To be clear, I am not motivated by some homophobic agenda, afraid to “admit” to Iranian homosexual relations; rather, I wish to keep these very blurry, permeable and ultimately artificial lines between homosociality and homosexuality as blurry and permeable as possible. It is exactly this ambiguity that I find so fruitful and liberating, especially when juxtaposed with Western identifications that demand one be lesbian or straight. In fact, it is exactly these Western understandings of sexuality that were imposed on Iran beginning in the late 1800s that forced Iranians to begin understanding relations through homo or heterosexual lenses.
Overall, I enjoyed Sameh’s review of Afary’s book, and I think Afary contributes immensely to the growing scholarship on Iranian sexuality. I only hope that within this growing field we privilege Iranian understandings and engagements with sexuality, rather than struggle to fit Iranian relations into categories intelligible to a Western audience.
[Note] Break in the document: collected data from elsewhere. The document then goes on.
lemma std_BM_dyadic_bounded_measure:
  fixes W :: "real \<Rightarrow> 'a \<Rightarrow> real"
  assumes BM: "std_BM M W" and t: "0 < t" and c: "0 \<le> c"
  shows "1 - 2 * exp (- c\<^sup>2 / (2 * t)) \<le> measure M (dyadic_bounded M W t c)"
proof -
  interpret prob_space M using std_BMD(1)[OF BM] .
  have [measurable]: "W (real j * t / 2^m) \<in> borel_measurable M" for j m
    using std_BMD(2)[OF BM, of "real j * t / 2^m"] t by simp
  define E where "E m = {\<omega>\<in>space M. \<forall>j\<le>(2::nat)^m. \<bar>W (real j * t / 2^m) \<omega>\<bar> \<le> c}" for m :: nat
  have E_sets[measurable]: "E m \<in> sets M" for m unfolding E_def by measurable
  have "decseq E"
  proof (rule decseq_SucI)
    fix m
    have "\<bar>W (real j * t / 2^m) \<omega>\<bar> \<le> c" if "\<omega> \<in> E (Suc m)" "j \<le> 2^m" for j \<omega>
      using that by (auto simp: E_def dest!: spec[of _ "2 * j"])
    then show "E (Suc m) \<subseteq> E m" by (auto simp: E_def)
  qed
  have E_measure: "1 - 2 * exp (- c\<^sup>2 / (2 * t)) \<le> measure M (E m)" for m
  proof -
    define B where "B \<sigma> = {\<omega>\<in>space M. \<exists>j\<le>(2::nat)^m. c < \<sigma> * W (real j * t / 2^m) \<omega>}" for \<sigma> :: real
    have [measurable]: "B \<sigma> \<in> sets M" for \<sigma> unfolding B_def by measurable
    have "space M - E m \<subseteq> B 1 \<union> B (-1)" by (auto simp: E_def B_def abs_if not_le)
    then have "measure M (space M - E m) \<le> measure M (B 1 \<union> B (-1))" by (intro finite_measure_mono) auto
    also have "\<dots> \<le> measure M (B 1) + measure M (B (-1))" by (rule measure_subadditive) auto
    also have "\<dots> \<le> exp (- c\<^sup>2 / (2 * t)) + exp (- c\<^sup>2 / (2 * t))"
      unfolding B_def by (intro add_mono std_BM_dyadic_max_tail[OF BM t c]) auto
    finally show ?thesis using prob_compl[OF E_sets[of m]] by simp
  qed
  have "(\<lambda>m. measure M (E m)) \<longlonglongrightarrow> measure M (\<Inter>m. E m)"
    by (rule finite_Lim_measure_decseq) (use \<open>decseq E\<close> in auto)
  then have "1 - 2 * exp (- c\<^sup>2 / (2 * t)) \<le> measure M (\<Inter>m. E m)"
    by (rule LIMSEQ_le_const) (use E_measure in auto)
  also have "(\<Inter>m. E m) = dyadic_bounded M W t c"
    by (auto simp: E_def dyadic_bounded_def)
  finally show ?thesis .
qed

lemma abs_le_if_dyadic_abs_le:
  fixes w :: "real \<Rightarrow> real"
  assumes w: "continuous_on {0..t} w" and "0 < t"
    and dyadic: "\<And>m j. j \<le> (2::nat)^m \<Longrightarrow> \<bar>w (real j * t / 2^m)\<bar> \<le> c"
    and r: "r \<in> {0..t}"
  shows "\<bar>w r\<bar> \<le> c"
proof -
  define D where "D = {0..1} \<inter> (\<Union>k m. {real m / 2^k :: real})"
  have closure_D: "closure D = {0..1}"
    unfolding D_def by (subst closure_dyadic_rationals_in_convex_set_pos_1) auto
  have "continuous_on (closure D) (\<lambda>s. w (t * s))"
    unfolding closure_D using \<open>0 < t\<close>
    by (intro continuous_on_compose2[OF w] continuous_intros) (auto simp: mult_le_cancel_left1)
  moreover have "\<forall>s\<in>D. norm (w (t * s)) \<le> c"
  proof
    fix s assume "s \<in> D"
    then obtain k m where s: "s = real m / 2^k" and "real m / 2^k \<le> 1" by (auto simp: D_def)
    then have "m \<le> 2^k" by (simp add: field_simps flip: of_nat_le_iff)
    then show "norm (w (t * s)) \<le> c"
      using dyadic[of m k] s by (simp add: mult.commute)
  qed
  moreover have "r / t \<in> closure D"
    unfolding closure_D using r \<open>0 < t\<close> by auto
  ultimately have "norm (w (t * (r / t))) \<le> c"
    by (rule continuous_on_closure_norm_le)
  then show ?thesis using \<open>0 < t\<close> by simp
qed

lemma continuous_first_hit_below:
  fixes f :: "real \<Rightarrow> real"
  assumes f: "continuous_on {a..b} f" and "a \<le> b" "f b \<le> y" "y \<le> f a"
  shows "\<exists>u\<in>{a..b}. f u = y \<and> (\<forall>r\<in>{a..<u}. y < f r)"
proof -
  define S where "S = {a..b} \<inter> f -` {..y}"
  have "closed S" unfolding S_def by (intro continuous_closed_preimage f) auto
  have "b \<in> S" "bdd_below S" using assms by (auto simp: S_def)
  define u where "u = Inf S"
  have "u \<in> S" unfolding u_def using \<open>closed S\<close> \<open>b \<in> S\<close> \<open>bdd_below S\<close> by (intro closed_contains_Inf) auto
  have above: "y < f r" if "r \<in> {a..<u}" for r
  proof (rule ccontr)
    assume "\<not> y < f r"
    then have "r \<in> S" using that \<open>u \<in> S\<close> by (auto simp: S_def)
    then have "u \<le> r" unfolding u_def using \<open>bdd_below S\<close> by (rule cInf_lower)
    then show False using that by simp
  qed
  obtain x where "a \<le> x" "x \<le> u" "f x = y"
    using IVT2'[of f u y a] \<open>u \<in> S\<close> assms continuous_on_subset[OF f] by (auto simp: S_def)
  then have "f u = y" using above by (cases "x < u") auto
  then show ?thesis using \<open>u \<in> S\<close> above by (auto simp: S_def)
qed
lemma euler_u_KS_lag_compose:
  fixes \<Phi> :: "real \<times> real \<times> real \<Rightarrow> real"
  assumes s\<Phi>: "smooth_fun \<Phi>" and su: "smooth_fun u" and ux: "pd False u (t, x) = 0"
  defines "w \<equiv> u (t, x)"
    and "\<Phi>t \<equiv> frechet_derivative \<Phi> (at (t, x, u (t, x))) (1, 0, 0)"
    and "\<Phi>x \<equiv> frechet_derivative \<Phi> (at (t, x, u (t, x))) (0, 1, 0)"
    and "\<Phi>w \<equiv> frechet_derivative \<Phi> (at (t, x, u (t, x))) (0, 0, 1)"
    and "\<Phi>xx \<equiv>
      frechet_derivative (\<lambda>q. frechet_derivative \<Phi> (at q) (0, 1, 0)) (at (t, x, u (t, x))) (0, 1, 0)"
  shows "euler_u (KS_lag f g h) u (\<lambda>q. \<Phi> (fst q, snd q, u q)) (t, x) =
     - \<Phi>t + f w * \<Phi>x - g w * \<Phi>xx - pd True u (t, x) * \<Phi>w
     - pd False (pd False u) (t, x) * (g w * \<Phi>w + 2 * (h w + deriv g w) * \<Phi> (t, x, w))"
proof -
  define Dx where "Dx q = frechet_derivative \<Phi> (at q) (0, 1, 0)" for q
  define Dw where "Dw q = frechet_derivative \<Phi> (at q) (0, 0, 1)" for q
  have d\<Phi>: "\<Phi> differentiable (at q)" and dDx: "Dx differentiable (at q)" and dDw: "Dw differentiable (at q)"
    for q
    unfolding Dx_def[abs_def] Dw_def[abs_def]
    using smooth_fun_differentiable smooth_fun_frechet_derivative s\<Phi> by blast+
  have nu_t: "((\<lambda>s. \<Phi> (fst (s, x), snd (s, x), u (s, x))) has_real_derivative
      \<Phi>t + pd True u (t, x) * \<Phi>w) (at t)"
    using DERIV_compose_triple[where T = "\<lambda>s. s" and X = "\<lambda>s. x" and W = "\<lambda>s. u (s, x)",
        OF d\<Phi> DERIV_ident DERIV_const DERIV_pd(1)[OF su]]
    by (simp add: \<Phi>t_def \<Phi>w_def w_def)
  have nu_x: "((\<lambda>r. \<Phi> (fst (t, r), snd (t, r), u (t, r))) has_real_derivative
      Dx (t, s, u (t, s)) + pd False u (t, s) * Dw (t, s, u (t, s))) (at s)" for s
    using DERIV_compose_triple[where T = "\<lambda>s. t" and X = "\<lambda>s. s" and W = "\<lambda>s. u (t, s)",
        OF d\<Phi> DERIV_const DERIV_ident DERIV_pd(2)[OF su]]
    by (simp add: Dx_def Dw_def)
  have nu_xx: "((\<lambda>s. Dx (t, s, u (t, s)) + pd False u (t, s) * Dw (t, s, u (t, s))) has_real_derivative
      \<Phi>xx + pd False (pd False u) (t, x) * \<Phi>w) (at x)"
    by (rule DERIV_cong, (rule DERIV_add DERIV_mult DERIV_compose_triple[OF dDx]
          DERIV_compose_triple[OF dDw] DERIV_const DERIV_ident DERIV_pd(2) smooth_fun_pd su)+)
      (simp add: ux \<Phi>xx_def \<Phi>w_def Dx_def[abs_def] Dw_def w_def)
  show ?thesis
    using euler_u_KS_lag_line[OF su nu_t nu_x nu_xx] ux
    by (simp add: \<Phi>x_def Dx_def w_def algebra_simps)
qed

lemma KS_subst_test_identity:
  assumes sub: "KS_subst f g h \<phi>"
  defines "\<Phi> \<equiv> \<lambda>(t, x, w). \<phi> t x w"
  shows "- frechet_derivative \<Phi> (at (t, x, w)) (1, 0, 0)
     + f w * frechet_derivative \<Phi> (at (t, x, w)) (0, 1, 0)
     - g w * frechet_derivative (\<lambda>q. frechet_derivative \<Phi> (at q) (0, 1, 0)) (at (t, x, w)) (0, 1, 0)
     - 4 * c * ((deriv g w + h w) * \<phi> t x w + g w * frechet_derivative \<Phi> (at (t, x, w)) (0, 0, 1)) = 0"
proof -
  have s\<Phi>: "smooth_fun \<Phi>"
    using sub unfolding KS_subst_def \<Phi>_def by blast
  obtain \<Lambda> where \<Lambda>: "\<And>u p. smooth_fun u \<Longrightarrow> euler_u (KS_lag f g h) u (\<lambda>q. \<phi> (fst q) (snd q) (u q)) p
      = \<Lambda> (fst p) (snd p) (jet u p) * KS f g h (jet2 u (\<lambda>q. \<phi> (fst q) (snd q) (u q)) p)"
    using sub unfolding KS_subst_def by blast
  define u where "u q = w + c * (snd q - x)\<^sup>2 + 2 * c * g w * (fst q - t)" for q
  have su: "smooth_fun u"
    unfolding u_def power2_eq_square
    by (intro smooth_fun_add smooth_fun_mult smooth_fun_diff smooth_fun_const
        smooth_fun_bounded_linear[OF bounded_linear_fst] smooth_fun_bounded_linear[OF bounded_linear_snd])
  have u_t: "pd True u q = 2 * c * g w" and u_x: "pd False u q = 2 * c * (snd q - x)" for q
    unfolding pd_def u_def by (auto intro!: DERIV_imp_deriv derivative_eq_intros)
  then have u_xx: "pd False (pd False u) q = 2 * c" for q
    unfolding pd_def by (auto intro!: DERIV_imp_deriv derivative_eq_intros)
  have "u (t, x) = w"
    by (simp add: u_def)
  moreover have "KS f g h (jet2 u (\<lambda>q. \<phi> (fst q) (snd q) (u q)) (t, x)) = 0"
    unfolding KS_jet2 u_t u_x u_xx by (simp add: u_def)
  ultimately have "euler_u (KS_lag f g h) u (\<lambda>q. \<Phi> (fst q, snd q, u q)) (t, x) = 0"
    using \<Lambda>[OF su, of "(t, x)"] by (simp add: \<Phi>_def)
  then show ?thesis
    using \<open>u (t, x) = w\<close> unfolding euler_u_KS_lag_compose[OF s\<Phi> su u_x[of "(t, x)", simplified]] u_t u_xx
    by (simp add: \<Phi>_def algebra_simps)
qed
This is what I call Afghan sovereignty
6 minutes ago
1 comments:
An interesting comparison could be made between the situation with Tavakoli in Iran and Pakistan's 2007 government siege on the Lal Masjid, in which its leader Abul Aziz tried to escape while wearing a burqa. The disparity between the reactions to the two situations may belie the fact that there is no relationship between religion/secularity and "progressive" understandings of gender performance. As you explain above, the Green Movement (which prides itself on its ideals of secularism and/or 'liberal', 'tolerant' religious expression) viewed Tavakoli's veiling as shameful and in need of defense. In contrast, as far as I'm aware Abdul Aziz's capture by police while veiled in a burqa was not seen as shameful or in need of defense by his supporters. Yet Abdul Aziz is a puritanical supporter of the Taliban who decries photography of women as debaucherous and evil. Apparently it is Islam's ultraconservatives, not its liberals, who refuse to associate femininity with shame.